決断力と思い切った実行力は臣下達の度肝を常に良い意味で抜いてきており、キツイ言動とは裏腹に仲間を決して見捨てることなく、市政を豊かにしてきたことから、国民に高い人気を誇っている。

そんな王子が今回腰をあげたのは、青春王国の姫の呪いが発動し、王国が丸ごと眠りについた、と語った妖精達の言葉があったからだ。

ここ数年、青春王国とは良好な関係を保っているとは言い難かったのだが、妖精達にすがるような目を向けられ助けに向かうことを了承してしまった。言動とは裏腹に、人情に厚い王子なのである。
「ったく、美人でもなきゃやってられないぜ。それは確かなんだろ?」

跡部の吐き出した何気無い一言に妖精達の動きが止まる。
知り合ってから、面倒なことを押し付けられ、挙げ句に妖精達のこの態度。何かを隠しているのは明白だった。

「何か隠してやがるな。俺様はインサイトが得意なんだぜ。早く吐いちまいなっ。
まぁ、どうせ美女っていう程のものでも無いってことだろ?俺様はそんなことくらいで気が変わるような小さい男じゃねぇ。安心しなっ。」

「とんでもないっ!!姫はそりゃあもう美人だにゃ!!」
「嘘なんて付く訳ねーだろうが、跡部!!疑うなんて激ダサだぜっ。」
「跡部さん、いい加減なこと言わないでくれない?俺がそこらの女を綺麗だ、なんて言う訳無いじゃん。」

個性的な妖精・・・達が矢継ぎ早に答える。妖精とは何だったか、と思わず定義を問いたくなった跡部には、何の非も無いだろう。

その妖精達は、跡部に向かって身を乗り出さんばかりに訴えかけた。
存在自体に胡散臭さ丸出しだが、その真剣な様子に嘘は無いようだ。

「じゃあ何が問題なんだよっ。俺様が向かってやってんだ。何の問題も無いだろうが。」
「それが・・・にゃ・・・。」
「事実には色々裏があるっていうかよ。」
「ねぇ?」

「はっきり言いやがれ!!余計に気になるだろうがっ!!」


流石の跡部も煮え切らない妖精達の様子にしびれを切らしたようだ。
美しい姫と呪われた城、まさにおとぎ話と言わんばかりのこの状況で、何のために嘘をつく必要があるというのか。
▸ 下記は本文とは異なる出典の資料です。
lemma not_same_point_if_hform_nonzero:
  assumes "hform B B = 0" "hform A B \<noteq> 0"
  shows "\<not> same_point A B"
  using assms by (auto simp: same_point_def hform_scale_left)

lemma distinct_boundary_quadrupleI:
  assumes "\<And>i. hform (P i) (P i) = 0" "\<And>i j. i \<noteq> j \<Longrightarrow> hform (P i) (P j) \<noteq> 0"
  shows "distinct_boundary_quadruple P"
proof -
  have "P i \<noteq> 0" for i
  proof -
    define j :: 4 where "j = (if i = 1 then 2 else 1)"
    have "i \<noteq> j" by (simp add: j_def)
    then have "hform (P i) (P j) \<noteq> 0" by (rule assms(2))
    then show ?thesis by (auto simp: hform_def)
  qed
  moreover have "\<not> same_point (P i) (P j)" if "i \<noteq> j" for i j
    using not_same_point_if_hform_nonzero[OF assms(1) assms(2)[OF that]] .
  ultimately show ?thesis
    using assms(1) by (simp add: distinct_boundary_quadruple_def null_lift_def)
qed

lemma is_normalized_gram_ofI:
  assumes "normalized G" "gram_matrix P = G" "distinct_boundary_quadruple P"
  shows "is_normalized_gram_of G P"
proof -
  have "same_point (P i) (P i)" for i
    unfolding same_point_def by (metis vector_smult_lid)
  then show ?thesis
    using assms unfolding is_normalized_gram_of_def distinct_boundary_quadruple_def null_lift_def
    by blast
qed

lemma gram_matrix_nth: "gram_matrix P $ i $ j = hform (P i) (P j)"
  by (simp add: gram_matrix_def)

definition det3 :: "complex^3 \<Rightarrow> complex^3 \<Rightarrow> complex^3 \<Rightarrow> complex" where
  "det3 A B C = A$1*B$2*C$3 + A$2*B$3*C$1 + A$3*B$1*C$2
              - A$1*B$3*C$2 - A$2*B$1*C$3 - A$3*B$2*C$1"

lemma gram_det3:
  "hform A A * hform B B * hform C C + hform A B * hform B C * hform C A
     + hform A C * hform B A * hform C B - hform A A * hform B C * hform C B
     - hform A B * hform B A * hform C C - hform A C * hform B B * hform C A
   = - (det3 A B C * cnj (det3 A B C))"
  by (simp add: hform_def det3_def algebra_simps)

lemma Re_hform_cyclic_product_nonpos:
  assumes "hform A A = 0" "hform B B = 0" "hform C C = 0"
  shows "Re (hform A B * hform B C * hform C A) \<le> 0"
proof -
  define t where "t = hform A B * hform B C * hform C A"
  define d where "d = det3 A B C"
  have "cnj t = hform A C * hform B A * hform C B"
    unfolding t_def by (simp add: hform_commute[of A B] hform_commute[of B C] hform_commute[of C A])
  then have "t + cnj t = - (d * cnj d)"
    using gram_det3[of A B C] unfolding assms t_def d_def by simp
  then have "complex_of_real (2 * Re t) = complex_of_real (- (cmod d)\<^sup>2)"
    by (simp only: complex_add_cnj complex_norm_square of_real_minus)
  then have "2 * Re t = - (cmod d)\<^sup>2"
    by (rule of_real_eq_iff[THEN iffD1])
  then show ?thesis
    unfolding t_def[symmetric] by (smt (verit) zero_le_power2)
qed

lemma det_gram_matrix: "det (gram_matrix P) = 0"
proof -
  define X :: "complex^4^4" where
    "X = (\<chi> i k. if k = 1 then P i$1 else if k = 2 then P i$2 else if k = 3 then P i$3 else 0)"
  define Y :: "complex^4^4" where
    "Y = (\<chi> k j. if k = 1 then cnj (P j$3) else if k = 2 then cnj (P j$2)
                  else if k = 3 then cnj (P j$1) else 0)"
  have "gram_matrix P = X ** Y"
    by (simp add: vec_eq_iff gram_matrix_def matrix_matrix_mult_def sum_4 X_def Y_def hform_def)
  moreover have "det X = 0"
    by (rule det_zero_column[of 4]) (simp add: vec_eq_iff column_def X_def)
  ultimately show ?thesis by (simp add: det_mul)
qed

definition normal_gram :: "complex \<Rightarrow> complex \<Rightarrow> complex \<Rightarrow> complex^4^4" where
  "normal_gram a p q = (\<chi> i j.
     if i = j then 0
     else if (i, j) = (1, 3) then a else if (i, j) = (3, 1) then cnj a
     else if (i, j) = (1, 4) then p else if (i, j) = (4, 1) then cnj p
     else if (i, j) = (2, 4) then q else if (i, j) = (4, 2) then cnj q
     else 1)"

lemma normal_gram_nth:
  "normal_gram a p q $1$1 = 0" "normal_gram a p q $2$2 = 0"
  "normal_gram a p q $3$3 = 0" "normal_gram a p q $4$4 = 0"
  "normal_gram a p q $1$2 = 1" "normal_gram a p q $2$1 = 1"
  "normal_gram a p q $2$3 = 1" "normal_gram a p q $3$2 = 1"
  "normal_gram a p q $3$4 = 1" "normal_gram a p q $4$3 = 1"
  "normal_gram a p q $1$3 = a" "normal_gram a p q $3$1 = cnj a"
  "normal_gram a p q $1$4 = p" "normal_gram a p q $4$1 = cnj p"
  "normal_gram a p q $2$4 = q" "normal_gram a p q $4$2 = cnj q"
  by (simp_all add: normal_gram_def)

lemma normal_gram_nth_nonzero:
  assumes "a \<noteq> 0" "p \<noteq> 0" "q \<noteq> 0" "i \<noteq> j"
  shows "normal_gram a p q $i$j \<noteq> 0"
  using assms by (simp add: normal_gram_def)

lemma normal_gram_eqI:
  assumes "hermitian4 G" "\<forall>i. G$i$i = 0" "G$1$2 = 1" "G$2$3 = 1" "G$3$4 = 1"
  shows "G = normal_gram (G$1$3) (G$1$4) (G$2$4)"
proof -
  have H: "G$i$j = cnj (G$j$i)" for i j
    using assms(1) unfolding hermitian4_def by blast
  show ?thesis
    using assms(2-5) H[of 2 1] H[of 3 2] H[of 4 3] H[of 3 1] H[of 4 1] H[of 4 2]
    by (simp add: vec_eq_iff forall_4 normal_gram_nth)
qed

lemma det_normal_gram:
  "det (normal_gram a p q) = (1 - p - cnj a * q) * cnj (1 - p - cnj a * q)
                             - (a + cnj a) * (q * cnj p + cnj (q * cnj p))"
proof -
  \<comment> \<open>Keeping \<open>G\<close> opaque stops simp from unfolding the matrix in all 24 terms.\<close>
  define G where "G = normal_gram a p q"
  note entries = normal_gram_nth[of a p q, folded G_def]
  have f1: "finite {2::4, 3, 4}" "1 \<notin> {2::4, 3, 4}" by auto
  have f2: "finite {3::4, 4}" "2 \<notin> {3::4, 4}" by auto
  have f3: "finite {4::4}" "3 \<notin> {4::4}" by auto
  have "det G = (1 - p - cnj a * q) * cnj (1 - p - cnj a * q)
                - (a + cnj a) * (q * cnj p + cnj (q * cnj p))"
    unfolding det_def UNIV_4 sum_over_permutations_insert[OF f1]
      sum_over_permutations_insert[OF f2] sum_over_permutations_insert[OF f3] permutes_sing
    by (simp add: sign_swap_id permutation_swap_id sign_compose permutation_compose swap_id_eq
        entries)
      (simp add: algebra_simps)
  then show ?thesis by (simp add: G_def)
qed

lemma normal_gram_conditions_if_gram_matrix:
  assumes "gram_matrix P = normal_gram a p q"
  shows "Re a \<le> 0" "Re (q * cnj p) \<le> 0" "det (normal_gram a p q) = 0"
proof -
  have h: "hform (P i) (P j) = normal_gram a p q $i$j" for i j
    using assms by (simp flip: gram_matrix_nth)
  have "Re (hform (P 1) (P 2) * hform (P 2) (P 3) * hform (P 3) (P 1)) \<le> 0"
    by (rule Re_hform_cyclic_product_nonpos) (simp_all add: h normal_gram_nth)
  then show "Re a \<le> 0" by (simp add: h normal_gram_nth)
  have "Re (hform (P 1) (P 2) * hform (P 2) (P 4) * hform (P 4) (P 1)) \<le> 0"
    by (rule Re_hform_cyclic_product_nonpos) (simp_all add: h normal_gram_nth)
  then show "Re (q * cnj p) \<le> 0" by (simp add: h normal_gram_nth)
  show "det (normal_gram a p q) = 0"
    using det_gram_matrix[of P] assms by simp
qed
(* For every constant $c>0$ there exist constants $C,a>0$ such that the following holds. Let $G=(V,E)$ be a $d$-regular undirected graph on $n=|V|$ vertices, $2\le d<n$, which is a $\lambda$ spectral expander with $\lambda>0$ and $n\ge c\,d^3\log(d)^4/\lambda$. Then the graph code $(\mathrm{enc}_G,\mathrm{dec}_G)$ is an $\varepsilon$-non-malleable code in the split-state model with $\varepsilon\le C\,\log(d)^a\,\frac{\lambda^{3/2}}{d}$. (In the paper's notation: if $n=\Omega(d^3\log(d)^4/\lambda)$ then the code is $\tilde O(\lambda^{3/2}/d)$-non-malleable.)
   Context: $E\subseteq V\times V$ is the symmetric set of ordered pairs of adjacent vertices. $G$ is a $\lambda$ spectral expander if, with $\lambda_1\ge\dots\ge\lambda_n$ the eigenvalues of its adjacency matrix, $\lambda\ge\max\{|\lambda_2|,\dots,|\lambda_n|\}$. The graph code: $\mathrm{enc}_G\colon\{0,1\}\to V\times V$ is randomized, with $\mathrm{enc}_G(0)$ uniform on $(V\times V)\setminus E$ and $\mathrm{enc}_G(1)$ uniform on $E$; $\mathrm{dec}_G(v_1,v_2)=1$ if $(v_1,v_2)\in E$ and $0$ otherwise. Split-state non-malleability: a coding scheme $\mathrm{enc}\colon\mathcal M\to\mathcal L\times\mathcal R$, $\mathrm{dec}\colon\mathcal L\times\mathcal R\to\mathcal M\cup\{\bot\}$ (here $\mathcal M=\{0,1\}$, $\mathcal L=\mathcal R=V$) with $\Pr[\mathrm{dec}(\mathrm{enc}(s))=s]=1$ is $\varepsilon$-non-malleable in the split-state model if for every pair of functions $g\colon\mathcal L\to\mathcal L$, $h\colon\mathcal R\to\mathcal R$ there is a distribution $D_{g,h}$ on $\mathcal M\cup\{*,\bot\}$ such that for every $s\in\mathcal M$ the random variable $\mathrm{dec}(g(L),h(R))$ with $(L,R)\leftarrow\mathrm{enc}(s)$ and the random variable obtained by sampling $\tilde s\leftarrow D_{g,h}$ and outputting $s$ if $\tilde s=*$ and $\tilde s$ otherwise, have statistical distance at most $\varepsilon$. *)

theory Defs
  imports "Jordan_Normal_Form.Char_Poly" "HOL-Probability.Probability_Mass_Function"
begin

definition regular_graph :: "nat \<Rightarrow> (nat \<times> nat) set \<Rightarrow> nat \<Rightarrow> bool" where
  "regular_graph n E d \<longleftrightarrow>
     E \<subseteq> {0..<n} \<times> {0..<n} \<and> sym E \<and> irrefl E \<and>
     (\<forall>v\<in>{0..<n}. card {u. (v, u) \<in> E} = d)"

definition adj_mat :: "nat \<Rightarrow> (nat \<times> nat) set \<Rightarrow> real Matrix.mat" where
  "adj_mat n E = Matrix.mat n n (\<lambda>(i, j). if (i, j) \<in> E then 1 else 0)"
theorem weak_nullstellensatz:
  fixes P :: "(('n \<Rightarrow> 'a::field_char_0) \<Rightarrow> 'a) set"
  assumes ac: "alg_closed TYPE('a)" and "finite S"
  shows "polyfun_prime_ideal S P \<Longrightarrow> h \<in> polyfun_in S \<Longrightarrow> h \<notin> P \<Longrightarrow> \<exists>x. (\<forall>f\<in>P. f x = 0) \<and> h x \<noteq> 0"
  using \<open>finite S\<close>
proof (induction S arbitrary: P h rule: finite_induct)
  case empty
  then show ?case
    by (rule polyfun_prime_ideal_empty_zero)
next
  case (insert j S)
  interpret polyfun_prime_ideal_insert j S P
    using insert.prems(1) insert.hyps(2) by (simp add: polyfun_prime_ideal_insert_def
        polyfun_prime_ideal_insert_axioms_def)
  have "polyfun_prime_ideal S (P \<inter> polyfun_in S)"
    by (rule restrict) auto
  then have "\<exists>x. (\<forall>f\<in>P \<inter> polyfun_in S. f x = 0) \<and> h x \<noteq> 0"
    if "h \<in> polyfun_in S" "h \<notin> P" for h
    using insert.IH that by blast
  then show ?case
    using zero_avoiding[OF _ insert.prems(2,3) ac] by blast
qed

lemma primeideal_S_ring_polyfun_prime_ideal:
  fixes \<Omega> :: "(('n::finite \<Rightarrow> 'a::field) \<Rightarrow> 'a) set"
  assumes "primeideal \<Omega> S_ring"
  shows "polyfun_prime_ideal UNIV \<Omega>"
proof -
  interpret primeideal \<Omega> S_ring
    by (fact assms)
  let ?S = "S_ring :: (('n \<Rightarrow> 'a) \<Rightarrow> 'a) ring"
  have S_ring: "carrier ?S = polyfun_in UNIV" "f \<otimes>\<^bsub>?S\<^esub> g = f * g" "f \<oplus>\<^bsub>?S\<^esub> g = f + g"
    "\<one>\<^bsub>?S\<^esub> = 1" "\<zero>\<^bsub>?S\<^esub> = 0" for f g
    by (simp_all add: S_ring_def polyfun_in_UNIV plus_fun_def times_fun_def one_fun_def zero_fun_def)
  show ?thesis
  proof
    show "\<Omega> \<subseteq> polyfun_in UNIV"
      using a_subset S_ring(1) by simp
    show "0 \<in> \<Omega>"
      using additive_subgroup.zero_closed[OF is_additive_subgroup] S_ring(5) by simp
    show "1 \<notin> \<Omega>"
      using one_imp_carrier I_notcarr S_ring(4) by auto
  qed (use additive_subgroup.a_closed[OF is_additive_subgroup] I_l_closed I_prime S_ring in auto)
qed

lemma primeideal_S_ring_zero:
  fixes \<Omega> :: "(('n::finite \<Rightarrow> 'a::field_char_0) \<Rightarrow> 'a) set"
  assumes "alg_closed TYPE('a)" "primeideal \<Omega> S_ring"
  shows "zero_set \<Omega> \<noteq> {}"
proof -
  have "polyfun_prime_ideal UNIV \<Omega>"
    using assms(2) by (rule primeideal_S_ring_polyfun_prime_ideal)
  then have "\<exists>x. (\<forall>f\<in>\<Omega>. f x = 0) \<and> 1 x \<noteq> (0::'a)"
    using weak_nullstellensatz[OF assms(1) finite_UNIV] polyfun_in_one polyfun_prime_ideal.one_not_mem
    by blast
  then show ?thesis
    by (auto simp: zero_set_def)
qed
「怒らないで聞いてよね、跡部!!実は、俺達姫に美しさなんて与えてないんだにゃ!!」

「それに、別に姫は眠りに付いてる訳でもなくてよ・・・。」

「ってか、魔女の執拗さがちょっと尋常じゃなくなっちゃってさ。
あんたに説得を頼みたい、って状況な訳。」
「あーん?じゃあ、美しさとか国がピンチとか全部嘘なのかよ!!」


思わず跡部の頭には「騙されたのか」の文字が浮かぶ。己は何のためにこんな場所に来たのだろうか、と。

「美人なのも国がピンチなのも本当なんだよ!!」
「ただ、俺達が美しさを与えたってのと」
「呪われて眠ってるってのが嘘なだけっスよ、跡部さん。
だってさぁ・・・」

妖精達が顔を見合わせ、声を揃えた。
「「「美しさなんて与える必要無かったん(だもん)(だぜ)(スよ)!!!!

「はぁ?」
「最初からこの世のものとも思えない、薔薇色の誰もが口づけしたくなる魅惑の唇持ってたし・・・」
「雪かとみまごうほどの白い透き通った、吸い付くような手触りの肌だったしよ・・・」
「吸い込まれそうな黒曜石の瞳で・・・〃
あげられるもんなんか無いじゃないっスか〃
しかも(美味しそうだったし)」

「おっチビ、やっぱり姫狙いだったんだなぁー!!」
「菊丸・・・まさかお前もかよっ。悪いけど俺だってここは譲れねぇぜ!!」
「・・・やっぱり、二人ともライバルだったって訳っスね。俺が、って意見に耳を貸さない訳だ。」
「いーや、もとはと言えばお前がっ」
「姫は渡さないにゃ」
「俺がもらい受けるに決まってるっしょ。」


「あぁー、もうお前ら黙れっ!!話の収集が付かなくなるだろうがっ!!」

「あっ」
「跡部・・・」
「忘れてたにゃ」

「その話を総合すると、姫が美しい確率120%だな。
で、不二の行動はデータ通りだったが、皆自分の欲望に忠実過ぎて被害が拡大した確率100%。」

突然聞こえた新たな存在の声に皆が身構える。